- **Task description**
Please copy the lines below exactly, from the first one through the line showing "by (intro add_nonneg_nonneg".

Collected data entries:
══════════════════════════════
lemma iter_interp_nonneg: "0 \<le> p \<Longrightarrow> 0 \<le> iter_interp f p t"
  unfolding iter_interp_def using frac_lt_1[of t] frac_ge_0[of t]
  by (intro add_nonneg_nonneg mult_nonneg_nonneg funpow_contraction_nonneg) auto

lemma iter_interp_le_floor: "0 \<le> p \<Longrightarrow> iter_interp f p t \<le> (f^^nat \<lfloor>t\<rfloor>) p"
  using funpow_contraction_antimono[of p "nat \<lfloor>t\<rfloor>" "Suc (nat \<lfloor>t\<rfloor>)"]
    frac_ge_0[of t] frac_lt_1[of t]
  unfolding iter_interp_def by (simp add: convex_bound_le del: funpow.simps)

lemma iter_interp_gt_Suc_floor:
  assumes "0 < p" shows "(f^^Suc (nat \<lfloor>t\<rfloor>)) p < iter_interp f p t"
proof -
  define a b where "a = (f^^nat \<lfloor>t\<rfloor>) p" and "b = (f^^Suc (nat \<lfloor>t\<rfloor>)) p"
  have "0 < (1 - frac t) * (a - b)"
    using funpow_contraction_Suc_less[OF assms] frac_lt_1[of t] unfolding a_def b_def by simp
  moreover have "iter_interp f p t = b + (1 - frac t) * (a - b)"
    unfolding iter_interp_def a_def b_def by (simp add: algebra_simps)
  ultimately show ?thesis unfolding b_def by simp
qed

lemma iter_interp_strict_mono:
  assumes "0 \<le> p" "p < q" shows "iter_interp f p t < iter_interp f q t"
proof -
  have "(1 - frac t) * (f^^nat \<lfloor>t\<rfloor>) p < (1 - frac t) * (f^^nat \<lfloor>t\<rfloor>) q"
    using funpow_contraction_strict_mono[OF assms] frac_lt_1[of t] by simp
  moreover have "frac t * (f^^Suc (nat \<lfloor>t\<rfloor>)) p \<le> frac t * (f^^Suc (nat \<lfloor>t\<rfloor>)) q"
    using funpow_contraction_mono[of p q] assms frac_ge_0[of t]
    by (intro mult_left_mono) (auto simp del: funpow.simps)
  ultimately show ?thesis unfolding iter_interp_def by linarith
qed

lemma iter_interp_strict_antimono:
  assumes p: "0 < p" and t: "0 \<le> t1" "t1 < t2" shows "iter_interp f p t2 < iter_interp f p t1"
proof (cases "\<lfloor>t1\<rfloor> = \<lfloor>t2\<rfloor>")
  case True
  define a b where "a = (f^^nat \<lfloor>t1\<rfloor>) p" and "b = (f^^Suc (nat \<lfloor>t1\<rfloor>)) p"
  have "frac t1 < frac t2" unfolding frac_def using True t by simp
  then have "frac t1 * (a - b) < frac t2 * (a - b)"
    using funpow_contraction_Suc_less[OF p] unfolding a_def b_def by (intro mult_strict_right_mono) auto
  moreover have "iter_interp f p t = a - frac t * (a - b)" if "\<lfloor>t\<rfloor> = \<lfloor>t1\<rfloor>" for t
    using that unfolding iter_interp_def a_def b_def by (simp add: algebra_simps)
  ultimately show ?thesis using True by simp
next
  case False
  then have "Suc (nat \<lfloor>t1\<rfloor>) \<le> nat \<lfloor>t2\<rfloor>"
    using floor_mono[of t1 t2] t by linarith
  then have "iter_interp f p t2 \<le> (f^^Suc (nat \<lfloor>t1\<rfloor>)) p"
    using iter_interp_le_floor[of p t2] funpow_contraction_antimono[of p] p by fastforce
  then show ?thesis using iter_interp_gt_Suc_floor[OF p, of t1] by linarith
qed

lemma iter_interp_tendsto_zero:
  assumes p: "0 \<le> p" shows "(iter_interp f p \<longlongrightarrow> 0) at_top"
proof (rule tendsto_sandwich[where f="\<lambda>_. 0" and h="\<lambda>t::real. (f^^nat \<lfloor>t\<rfloor>) p"])
  show "\<forall>\<^sub>F t in at_top. 0 \<le> iter_interp f p t"
    using iter_interp_nonneg[OF p] by simp
  show "\<forall>\<^sub>F t in at_top. iter_interp f p t \<le> (f^^nat \<lfloor>t\<rfloor>) p"
    using iter_interp_le_floor[OF p] by simp
  have "filterlim (\<lambda>t::real. nat \<lfloor>t\<rfloor>) sequentially at_top"
    by (rule filterlim_compose[OF filterlim_nat_sequentially filterlim_floor_sequentially])
  from filterlim_compose[OF funpow_contraction_tendsto_zero[OF p] this]
  show "((\<lambda>t::real. (f^^nat \<lfloor>t\<rfloor>) p) \<longlongrightarrow> 0) at_top" by simp
qed simp

lemma iter_interp_continuous_on: "continuous_on ({0..} \<times> {0..}) (\<lambda>(p, t). iter_interp f p t)"
proof -
  define F where "F x = iter_interp f (max 0 (fst x)) (max 0 (snd x))" for x :: "real \<times> real"
  define A where "A N = (UNIV :: real set) \<times> {..<real N}" for N
  have "continuous_on (A N) F" for N
  proof -
    have "continuous_on UNIV (\<lambda>x::real \<times> real. (f^^k) (max 0 (fst x)))" for k
      by (intro continuous_on_compose2[OF funpow_contraction_continuous_on] continuous_intros) auto
    then have "continuous_on (A N)
        (\<lambda>x. \<Sum>k\<le>Suc N. max 0 (1 - \<bar>max 0 (snd x) - real k\<bar>) * (f^^k) (max 0 (fst x)))"
      by (intro continuous_intros) (auto intro: continuous_on_subset)
    moreover have "(\<Sum>k\<le>Suc N. max 0 (1 - \<bar>max 0 (snd x) - real k\<bar>) * (f^^k) (max 0 (fst x))) = F x"
      if "x \<in> A N" for x
      unfolding F_def using that by (intro iter_interp_eq_hat_sum[symmetric]) (auto simp: A_def)
    ultimately show ?thesis by (rule continuous_on_eq)
  qed
  then have "continuous_on (\<Union>N. A N) F"
    by (intro continuous_on_open_UN) (simp_all add: A_def open_Times)
  moreover have "(\<Union>N. A N) = UNIV"
    unfolding A_def using reals_Archimedean2 by fastforce
  ultimately have "continuous_on ({0..} \<times> {0..}) F" by (auto intro: continuous_on_subset)
  then show ?thesis by (rule continuous_on_eq) (auto simp: F_def)
qed

lemma classKL_iter_interp: "classKL (iter_interp f)"
  unfolding classKL_def
proof (intro conjI allI impI)
  show "continuous_on ({0..} \<times> {0..}) (\<lambda>(r, t). iter_interp f r t)"
    by (rule iter_interp_continuous_on)
  fix t :: real assume t: "0 \<le> t"
  show "classK (\<lambda>r. iter_interp f r t)"
    unfolding classK_def
  proof (intro conjI)
    have "continuous_on {0..} (\<lambda>r. (\<lambda>(p, t). iter_interp f p t) (r, t))"
      by (rule continuous_on_compose2[OF iter_interp_continuous_on]) (use t in \<open>auto intro: continuous_on_Pair\<close>)
    then show "continuous_on {0..} (\<lambda>r. iter_interp f r t)" by simp
    show "strict_mono_on {0..} (\<lambda>r. iter_interp f r t)"
      by (rule strict_mono_onI) (auto intro: iter_interp_strict_mono)
    show "iter_interp f 0 t = 0"
      unfolding iter_interp_def by (simp add: funpow_contraction_zero del: funpow.simps)
  qed
next
  fix r :: real assume r: "0 < r"
  have "continuous_on {0..} (\<lambda>t. (\<lambda>(p, t). iter_interp f p t) (r, t))"
    by (rule continuous_on_compose2[OF iter_interp_continuous_on]) (use r in \<open>auto intro: continuous_on_Pair\<close>)
  then show "continuous_on {0..} (iter_interp f r)" by simp
  show "iter_interp f r t2 < iter_interp f r t1" if "0 \<le> t1" "t1 < t2" for t1 t2
    using iter_interp_strict_antimono[OF r that] .
  show "(iter_interp f r \<longlongrightarrow> 0) at_top"
    using iter_interp_tendsto_zero r by simp
qed

end
(* Let $\mathbf{U}^{(j)}\in\mathbb{C}^{n_j\times n_j}$ be unitary for $j\in[d]$, let $\mathcal{S}\subset[n_1]\times\cdots\times[n_d]$ be a set of $r$ indices, and let $$\mathcal{L}_{\rm Tucker}:=\{\mathcal{C}\times_1\mathbf{U}^{(1)}\cdots\times_d\mathbf{U}^{(d)}:\mathcal{C}\in\mathbb{C}^{n_1\times\cdots\times n_d},\ \mathcal{C}_{\mathbf{i}}=0\text{ for all }\mathbf{i}\notin\mathcal{S}\}.$$ Every $\mathcal{Y}\in\mathcal{L}_{\rm Tucker}$ is written in standard form $\mathcal{Y}=\sum_{\mathbf{i}=(i_1,\dots,i_d)\in\mathcal{S}}\mathcal{C}_{\mathbf{i}}\bigcirc_{\ell=1}^d\mathbf{U}^{(\ell)}_{i_\ell}$ over the basis $\mathcal{B}=\{\bigcirc_{\ell=1}^d\mathbf{U}^{(\ell)}_{i_\ell}:\mathbf{i}\in\mathcal{S}\}$, where $\mathbf{U}^{(\ell)}_{i}$ is the $i$-th column of $\mathbf{U}^{(\ell)}$. Let $\epsilon\in(0,3/4]$ and for each $j\in[d]$ let $\mathbf{A}_j\in\mathbb{C}^{m_j\times n_j}$ be an $(\epsilon/4d)$-JL embedding into $\mathbb{C}^{m_j}$ of the set of $2r^2-r$ vectors $\bigcup_{k\ne h}\{\mathbf{y}^{(j)}_k\pm\mathbf{y}^{(j)}_h,\mathbf{y}^{(j)}_k\pm\mathrm{i}\,\mathbf{y}^{(j)}_h\}\cup\{\mathbf{y}^{(j)}_k\}_k$, where $\{\mathbf{y}^{(j)}_k\}_{k\in[r]}$ are the mode-$j$ factor vectors $\mathbf{U}^{(j)}_{i_j}$ of the $r$ basis tensors. Then for every $\mathcal{Y}\in\mathcal{L}_{\rm Tucker}$, $$\big|\|\mathcal{Y}\|^2-\|\mathcal{Y}\times_1\mathbf{A}_1\cdots\times_d\mathbf{A}_d\|^2\big|\le\epsilon'\|\mathcal{Y}\|^2,$$ where $$\epsilon':=\begin{cases}\big(\epsilon+e\sqrt{r(r-1)}\,\epsilon^d\big)e&\text{if }\mu_{\mathcal{B}}=0,\\ \epsilon\big(e+e^2\sqrt{r(r-1)}\max(\epsilon^{d-1},\mu_{\mathcal{B}}^{d-1})\big)&\text{otherwise.}\end{cases}$$
   Context: Tensors carry the inner product $\langle\mathcal{X},\mathcal{Y}\rangle=\sum\mathcal{X}_{i_1\dots i_d}\overline{\mathcal{Y}_{i_1\dots i_d}}$ and norm $\|\cdot\|$; $\bigcirc$ is the outer product; $(\mathcal{Z}\times_j\mathbf{U})_{i_1,\dots,\ell,\dots,i_d}=\sum_{i_j}\mathcal{Z}_{i_1,\dots,i_j,\dots,i_d}\mathbf{U}_{\ell,i_j}$; $\mathrm{i}$ is the imaginary unit, $e$ Euler's number. A matrix is an $\epsilon$-JL embedding of $S$ if $\|\mathbf{A}x\|_2^2=(1+\epsilon_x)\|x\|_2^2$ with $\epsilon_x\in(-\epsilon,\epsilon)$ for all $x\in S$. For a basis $\{\bigcirc_\ell\mathbf{y}^{(\ell)}_k\}_{k\in[r]}$ of unit-vector rank-one tensors, $\mu_{\mathcal{B}}=\max_{\ell\in[d]}\max_{k\ne h}|\langle\mathbf{y}^{(\ell)}_k,\mathbf{y}^{(\ell)}_h\rangle|$. *)

theory Defs
  imports Complex_Main "HOL-Library.FuncSet"
begin

text \<open>An order-d tensor with mode sizes n 0, ..., n (d-1) is a function
  from multi-indices (nat => nat) to complex; only its values on
  tidx d n = PiE {..<d} (%l. {..<n l}) are meaningful. Modes are numbered 0..d-1.
  A matrix M in C^{p x q} is a function nat => nat => complex, entry M a b for a<p, b<q.
  A vector in C^q is a function nat => complex, only entries b<q matter.\<close>

definition tidx :: "nat \<Rightarrow> (nat \<Rightarrow> nat) \<Rightarrow> (nat \<Rightarrow> nat) set" where
  "tidx d n = PiE {..<d} (\<lambda>l. {..<n l})"

definition tnorm2 :: "(nat \<Rightarrow> nat) set \<Rightarrow> ((nat \<Rightarrow> nat) \<Rightarrow> complex) \<Rightarrow> real" where
  "tnorm2 I X = (\<Sum>i\<in>I. (cmod (X i))\<^sup>2)"

definition mode_prod :: "nat \<Rightarrow> nat \<Rightarrow> ((nat \<Rightarrow> nat) \<Rightarrow> complex) \<Rightarrow> (nat \<Rightarrow> nat \<Rightarrow> complex)
    \<Rightarrow> ((nat \<Rightarrow> nat) \<Rightarrow> complex)" where
  "mode_prod N j Z U = (\<lambda>i. \<Sum>k<N. Z (i(j := k)) * U (i j) k)"

fun multi_mode :: "(nat \<Rightarrow> nat) \<Rightarrow> (nat \<Rightarrow> nat \<Rightarrow> nat \<Rightarrow> complex) \<Rightarrow> ((nat \<Rightarrow> nat) \<Rightarrow> complex)
    \<Rightarrow> nat \<Rightarrow> ((nat \<Rightarrow> nat) \<Rightarrow> complex)" where
  "multi_mode n M Z 0 = Z"
| "multi_mode n M Z (Suc j) = mode_prod (n j) j (multi_mode n M Z j) (M j)"

definition unitary_mat :: "nat \<Rightarrow> (nat \<Rightarrow> nat \<Rightarrow> complex) \<Rightarrow> bool" where
  "unitary_mat N U \<longleftrightarrow> (\<forall>a<N. \<forall>b<N. (\<Sum>k<N. cnj (U k a) * U k b) = (if a = b then 1 else 0))"

definition col :: "(nat \<Rightarrow> nat \<Rightarrow> complex) \<Rightarrow> nat \<Rightarrow> (nat \<Rightarrow> complex)" where
  "col U b = (\<lambda>a. U a b)"

definition vnorm2 :: "nat \<Rightarrow> (nat \<Rightarrow> complex) \<Rightarrow> real" where
  "vnorm2 N x = (\<Sum>a<N. (cmod (x a))\<^sup>2)"

definition vinner :: "nat \<Rightarrow> (nat \<Rightarrow> complex) \<Rightarrow> (nat \<Rightarrow> complex) \<Rightarrow> complex" where
  "vinner N x y = (\<Sum>a<N. x a * cnj (y a))"

definition mat_vec :: "nat \<Rightarrow> (nat \<Rightarrow> nat \<Rightarrow> complex) \<Rightarrow> (nat \<Rightarrow> complex) \<Rightarrow> (nat \<Rightarrow> complex)" where
  "mat_vec N A x = (\<lambda>a. \<Sum>b<N. A a b * x b)"

definition JL_embedding :: "real \<Rightarrow> nat \<Rightarrow> nat \<Rightarrow> (nat \<Rightarrow> nat \<Rightarrow> complex) \<Rightarrow> (nat \<Rightarrow> complex) set \<Rightarrow> bool" where
  "JL_embedding eps p q A X \<longleftrightarrow>
     (\<forall>x\<in>X. \<exists>ex. -eps < ex \<and> ex < eps \<and> vnorm2 p (mat_vec q A x) = (1 + ex) * vnorm2 q x)"

definition JL_set :: "(nat \<Rightarrow> nat \<Rightarrow> complex) \<Rightarrow> nat \<Rightarrow> (nat \<Rightarrow> nat) set \<Rightarrow> (nat \<Rightarrow> complex) set" where
  "JL_set U j S =
     (\<Union>i\<in>S. \<Union>i'\<in>S - {i}.
        {(\<lambda>a. col U (i j) a + col U (i' j) a), (\<lambda>a. col U (i j) a - col U (i' j) a),
         (\<lambda>a. col U (i j) a + \<i> * col U (i' j) a), (\<lambda>a. col U (i j) a - \<i> * col U (i' j) a)})
     \<union> (\<lambda>i. col U (i j)) ` S"

text \<open>Coherence mu_B of the basis {outer_l U^(l)_{i_l} : i in S} (0 if there is no pair k ~= h).\<close>
definition coherence :: "nat \<Rightarrow> (nat \<Rightarrow> nat) \<Rightarrow> (nat \<Rightarrow> nat \<Rightarrow> nat \<Rightarrow> complex) \<Rightarrow> (nat \<Rightarrow> nat) set \<Rightarrow> real" where
  "coherence d n U S = Max (insert 0
     {cmod (vinner (n l) (col (U l) (i l)) (col (U l) (i' l))) | l i i'. l < d \<and> i \<in> S \<and> i' \<in> S \<and> i \<noteq> i'})"

definition tucker_space :: "nat \<Rightarrow> (nat \<Rightarrow> nat) \<Rightarrow> (nat \<Rightarrow> nat \<Rightarrow> nat \<Rightarrow> complex) \<Rightarrow> (nat \<Rightarrow> nat) set
    \<Rightarrow> ((nat \<Rightarrow> nat) \<Rightarrow> complex) set" where
  "tucker_space d n U S = {multi_mode n U C d | C. \<forall>i\<in>tidx d n - S. C i = 0}"

end

theory Submission
  imports Defs
begin

(*
  Expanding Y in the basis of rank-one tensors, Y = sum_s C_s outer_l U^(l)_(s_l), both ||Y||^2 and
  ||Y x_1 A_1 ... x_d A_d||^2 are sesquilinear forms in the coefficients C whose entries are products
  over the modes of inner products of the factor vectors, before and after applying A_l.  The columns
  of U^(l) are orthonormal, so the first form is sum_s |C_s|^2.  Polarization turns the JL property on
  y_k, y_k +- y_h, y_k +- i y_h into an error of at most delta = eps/(4d) on every factor inner product;
  a product of d perturbed factors then moves by at most (1 + delta)^d - 1 on the diagonal and by
  (mu + 2 delta)^d - mu^d off it, and |C_s| |C_h| <= (|C_s|^2 + |C_h|^2)/2 bounds the off-diagonal
  part by r - 1 times sum_s |C_s|^2.  Elementary estimates of these two quantities give eps'.
*)

section \<open>Tensors as sums of rank-one tensors\<close>

lemma finite_tidx [simp]: "finite (tidx d p)"
  unfolding tidx_def by (auto intro!: finite_PiE)

lemma tidx_component_less: "s \<in> tidx d n \<Longrightarrow> l < d \<Longrightarrow> s l < n l"
  unfolding tidx_def by auto

lemma tidx_neq_imp_component_neq:
  assumes "s \<in> tidx d n" "s' \<in> tidx d n" "s \<noteq> s'"
  obtains l where "l < d" "s l \<noteq> s' l"
  using assms unfolding tidx_def by (metis PiE_ext lessThan_iff)

lemma tnorm2_nonneg: "0 \<le> tnorm2 I X"
  unfolding tnorm2_def by (simp add: sum_nonneg)

lemma sum_PiE_insert:
  assumes "x \<notin> I"
  shows "(\<Sum>k\<in>PiE (insert x I) F. f k) = (\<Sum>t\<in>F x. \<Sum>k\<in>PiE I F. f (k(x := t)))"
proof -
  have "(\<Sum>k\<in>PiE (insert x I) F. f k) = (\<Sum>(t, k)\<in>F x \<times> PiE I F. f (k(x := t)))"
    unfolding PiE_insert_eq by (subst sum.reindex[OF inj_combinator[OF assms]]) (simp add: case_prod_unfold)
  then show ?thesis by (simp add: sum.cartesian_product)
qed

lemma multi_mode_eq_sum:
  "multi_mode p M Z j i = (\<Sum>k\<in>PiE {..<j} (\<lambda>l. {..<p l}).
      Z (\<lambda>l. if l < j then k l else i l) * (\<Prod>l<j. M l (i l) (k l)))"
proof (induction j arbitrary: i)
  case 0
  then show ?case by simp
next
  case (Suc j)
  have "multi_mode p M Z (Suc j) i = (\<Sum>t<p j. multi_mode p M Z j (i(j := t)) * M j (i j) t)"
    by (simp add: mode_prod_def)
  also have "\<dots> = (\<Sum>t<p j. \<Sum>k\<in>PiE {..<j} (\<lambda>l. {..<p l}).
      Z (\<lambda>l. if l < Suc j then (k(j := t)) l else i l) * (\<Prod>l<Suc j. M l (i l) ((k(j := t)) l)))"
    unfolding Suc.IH sum_distrib_right
    by (intro sum.cong refl)
      (auto simp: prod.lessThan_Suc mult.assoc intro!: arg_cong2[where f = "(*)"] arg_cong[where f = Z] prod.cong)
  also have "\<dots> = (\<Sum>k\<in>PiE {..<Suc j} (\<lambda>l. {..<p l}).
      Z (\<lambda>l. if l < Suc j then k l else i l) * (\<Prod>l<Suc j. M l (i l) (k l)))"
    by (simp add: lessThan_Suc sum_PiE_insert)
  finally show ?case .
qed

lemma multi_mode_eq_sum_tidx:
  assumes "i \<in> tidx d q"
  shows "multi_mode p M Z d i = (\<Sum>k\<in>tidx d p. Z k * (\<Prod>l<d. M l (i l) (k l)))"
  unfolding multi_mode_eq_sum tidx_def
proof (intro sum.cong refl)
  fix k assume "k \<in> PiE {..<d} (\<lambda>l. {..<p l})"
  then have "(\<lambda>l. if l < d then k l else i l) = k"
    using assms unfolding tidx_def by (auto simp: fun_eq_iff PiE_def extensional_def)
  then show "Z (\<lambda>l. if l < d then k l else i l) * (\<Prod>l<d. M l (i l) (k l)) = Z k * (\<Prod>l<d. M l (i l) (k l))"
    by simp
qed

definition outer_prod :: "nat \<Rightarrow> (nat \<Rightarrow> nat \<Rightarrow> complex) \<Rightarrow> (nat \<Rightarrow> nat) \<Rightarrow> complex" where
  "outer_prod d v = (\<lambda>i. \<Prod>l<d. v l (i l))"

lemma multi_mode_outer_prod_sum:
  assumes Z: "\<forall>k\<in>tidx d p. Z k = (\<Sum>s\<in>S. c s * outer_prod d (v s) k)" and i: "i \<in> tidx d q"
  shows "multi_mode p M Z d i = (\<Sum>s\<in>S. c s * outer_prod d (\<lambda>l. mat_vec (p l) (M l) (v s l)) i)"
proof -
  have "multi_mode p M Z d i = (\<Sum>k\<in>tidx d p. \<Sum>s\<in>S. c s * (\<Prod>l<d. M l (i l) (k l) * v s l (k l)))"
    unfolding multi_mode_eq_sum_tidx[OF i]
    by (intro sum.cong refl) (simp add: Z sum_distrib_left outer_prod_def prod.distrib mult_ac)
  also have "\<dots> = (\<Sum>s\<in>S. c s * (\<Sum>k\<in>tidx d p. \<Prod>l<d. M l (i l) (k l) * v s l (k l)))"
    by (subst sum.swap) (simp add: sum_distrib_left)
  also have "\<dots> = (\<Sum>s\<in>S. c s * outer_prod d (\<lambda>l. mat_vec (p l) (M l) (v s l)) i)"
    unfolding outer_prod_def mat_vec_def tidx_def by (subst prod_sum_PiE) auto
  finally show ?thesis .
qed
══════════════════════════════
- **Answer for the task**
lemma iter_interp_nonneg: "0 \<le> p \<Longrightarrow> 0 \<le> iter_interp f p t"
  unfolding iter_interp_def using frac_lt_1[of t] frac_ge_0[of t]
  by (intro add_nonneg_nonneg mult_nonneg_nonneg funpow_contraction_nonneg) auto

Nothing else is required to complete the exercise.